The advantages & disadvantages of an oligopoly by christopher raines - updated june 28, 2018 industries that deal in products such as automobiles, cereals, sodas and motor oil have a few firms that control most of the market. List of disadvantages of oligopoly 1 it offers fewer choices in many cases, choosing the best brand in an oligopoly is like going for the least evil.
The advantages and disadvantages of this market form can be clearly demarcated oligopoly market form exists in the television and media industry, health care insurance industry, and cellular phone service industry of the united sates. Advantages and disadvantages of oligopoly when the market is dominated by a few suppliers, it is termed as oligopoly it can be observed in the television industry of the united states, where the market is governed by a handful of market players the advantages and disadvantages of this market form can be clearly demarcated.

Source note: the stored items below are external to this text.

lemma min_char_morphism_unit_vecs_commute:
  assumes j: "j < d" and k: "k < d" and "j \<noteq> k"
  shows "\<phi> (unit_vec d j) * \<phi> (unit_vec d k) = \<phi> (unit_vec d k) * \<phi> (unit_vec d j)"
proof -
  have lin: "k_linear d n \<phi>" by (rule min_char_morphism_k_linear)
  have "\<phi> (unit_vec d j + unit_vec d k) * \<phi> (unit_vec d j + unit_vec d k)
      = \<phi> (unit_vec d j + unit_vec d k)"
    using j k \<open>j \<noteq> k\<close> by (intro min_char_morphism_idempotent)
      (auto simp: vec_set_def unit_vec_def split: if_splits)
  then show ?thesis
    using lin j k unfolding k_linear_def
    by (intro commute_if_idempotent_sum[of _ n] min_char_morphism_unit_vec_idempotent) auto
qed

lemma min_char_morphism_unit_vecs_orthogonal:
  fixes y :: 'a
  assumes j: "j < d" and k: "k < d" and "j \<noteq> k" and y: "y \<noteq> 0" "y \<noteq> - 1"
  shows "\<phi> (unit_vec d j) * \<phi> (unit_vec d k) = 0\<^sub>m n n"
proof -
  have lin: "k_linear d n \<phi>" by (rule min_char_morphism_k_linear)
  define a where "a = unit_vec d j + y \<cdot>\<^sub>v unit_vec d k"
  define Q where "Q = \<phi> (unit_vec d j) * \<phi> (unit_vec d k)"
  have a: "a \<in> carrier_vec d" unfolding a_def by simp
  have P: "\<phi> (unit_vec d i) \<in> carrier_mat n n" for i using k_linear_carrier[OF lin] by simp
  have Q: "Q \<in> carrier_mat n n" unfolding Q_def using mult_carrier_mat[OF P P] .
  have "\<phi> a = \<phi> (unit_vec d j) + y \<cdot>\<^sub>m \<phi> (unit_vec d k)"
    using lin unfolding a_def k_linear_def by simp
  then have "Q * \<phi> a = (1 + y) \<cdot>\<^sub>m Q"
    unfolding Q_def using j k \<open>j \<noteq> k\<close>
    by (simp add: commuting_idempotents_mult_eigen[OF P P] min_char_morphism_unit_vec_idempotent
        min_char_morphism_unit_vecs_commute)
  then have "Q * poly_eval_mat n (vanishing_poly a) (\<phi> a) = poly (vanishing_poly a) (1 + y) \<cdot>\<^sub>m Q"
    using k_linear_carrier[OF lin a] Q by (intro mult_poly_eval_mat_eigen)
  then have "poly (vanishing_poly a) (1 + y) \<cdot>\<^sub>m Q = 0\<^sub>m n n"
    using min_char_morphism_vanishing_poly[OF a] Q by simp
  moreover have "1 + y \<notin> set\<^sub>v a"
    using y \<open>j \<noteq> k\<close> unfolding a_def vec_set_def
    by (auto simp: unit_vec_def add_eq_0_iff split: if_splits)
  ultimately have "Q = 0\<^sub>m n n"
    using Q by (metis smult_mat_eq_0_cancel poly_vanishing_poly_eq_0_iff)
  then show ?thesis unfolding Q_def .
qed
text \<open>Any two elements have a join: shift both into \<open>P\<close> by a common power of \<open>Z\<close>, take the join
  there, and shift back (the order is invariant under left multiplication).\<close>
lemma join_pair:
  assumes g: "g \<in> carrier G" and h: "h \<in> carrier G" shows "\<exists>j. is_join {g, h} j"
proof -
  obtain m1 m2 :: nat where "Z [^] m1 \<otimes> g \<in> P" "Z [^] m2 \<otimes> h \<in> P" using Z_shift g h by blast
  then have a: "Z [^] max m1 m2 \<otimes> g \<in> P" and b: "Z [^] max m1 m2 \<otimes> h \<in> P"
    using Z_pow_mono g h by auto
  define W where "W = Z [^] max m1 m2"
  have WG: "W \<in> carrier G" by (simp add: W_def)
  obtain jj where jj: "jj \<in> P" "lprefix G P (W \<otimes> g) jj" "lprefix G P (W \<otimes> h) jj"
    "\<forall>c\<in>P. lprefix G P (W \<otimes> g) c \<and> lprefix G P (W \<otimes> h) c \<longrightarrow> lprefix G P jj c"
    using prefix_lattice a b unfolding is_lattice_on_def W_def by blast
  define j where "j = inv W \<otimes> jj"
  have jG: "j \<in> carrier G" and Wj: "W \<otimes> j = jj" using jj WG by (simp_all add: j_def)
  have "g \<preceq> j" "h \<preceq> j"
    using leq_left_mult[OF WG _ jG] jj(2,3) lprefix_iff_leq a b jj(1) Wj g h W_def by auto
  moreover have "j \<preceq> c" if c: "c \<in> carrier G" "g \<preceq> c" "h \<preceq> c" for c
  proof -
    have 1: "W \<otimes> g \<preceq> W \<otimes> c" and 2: "W \<otimes> h \<preceq> W \<otimes> c" using leq_left_mult WG g h c by auto
    have "W \<otimes> c \<in> P" using leq_positive_above[OF a[folded W_def] _ 1] WG c by simp
    then have "lprefix G P jj (W \<otimes> c)" using jj(4) 1 2 lprefix_iff_leq a b WG c g h W_def by simp
    then show ?thesis using lprefix_iff_leq leq_left_mult[OF WG jG c(1)] jj(1) Wj WG c by simp
  qed
  ultimately show ?thesis using jG unfolding is_join_def by blast
qed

Some of the advantages and disadvantages of oligopoly are as follows so let us check out some information on pros and cons of oligopoly to know more about oligopoly. An oligopoly is where you will find only a small group of suppliers and companies controlling all of the market it is different from a monopoly, where only a single business has control over the entire market oligopolies rule many different industries, with healthcare, media and mobile phone service industries as the most common.
This essay will discuss the advantages and disadvantages of the oligopoly market system supermarket has brought into the service for man for long the roots of supermarkets are the co-operative of the nineteenth century at the beginning of the early 20th century the people come up to an idea for selling goods. Advantages of oligopoly large firms having strong hold over the market are able to make huge profits as there are few players in the market in oligopoly, many times, products of two different competitive companies are derived out of one large firm. Disadvantages of oligopoly setting of prices may be advantageous for the firms, but if done unrealistically, it may prove to be a great disadvantage for consumers creative ideas or plans of small businesses in the oligopolistic market fail to realize because they cannot overcome the control of major market players.
What is oligopoly oligopoly is a market or industry which is dominated by a small amount of sellers this means that the small amount of sellers all tend to be aware of one another and what business decisions they are all making. In an oligopoly market, the price maker is the oligopoly firm which shows that the firms can set up the price as they want for the product, every oligopoly company produces homogeneous product and service the big four use their selves' advantages to build high barrier to entry which is to protect their market share.
Important facts about oligopoly the term oligopoly comes from the term oligarchy this is a type of government where only a few people hold all of the people in the united states the biggest oligopoly market is the wireless communication industry only 7 companies make up nearly 90 percent of all profits made by film companies in america. Advantages and disadvantages relative to what compared to a perfectly competitive market, oligopolies are better for the firms, because they have the opportunity to make an economic profit in the long run.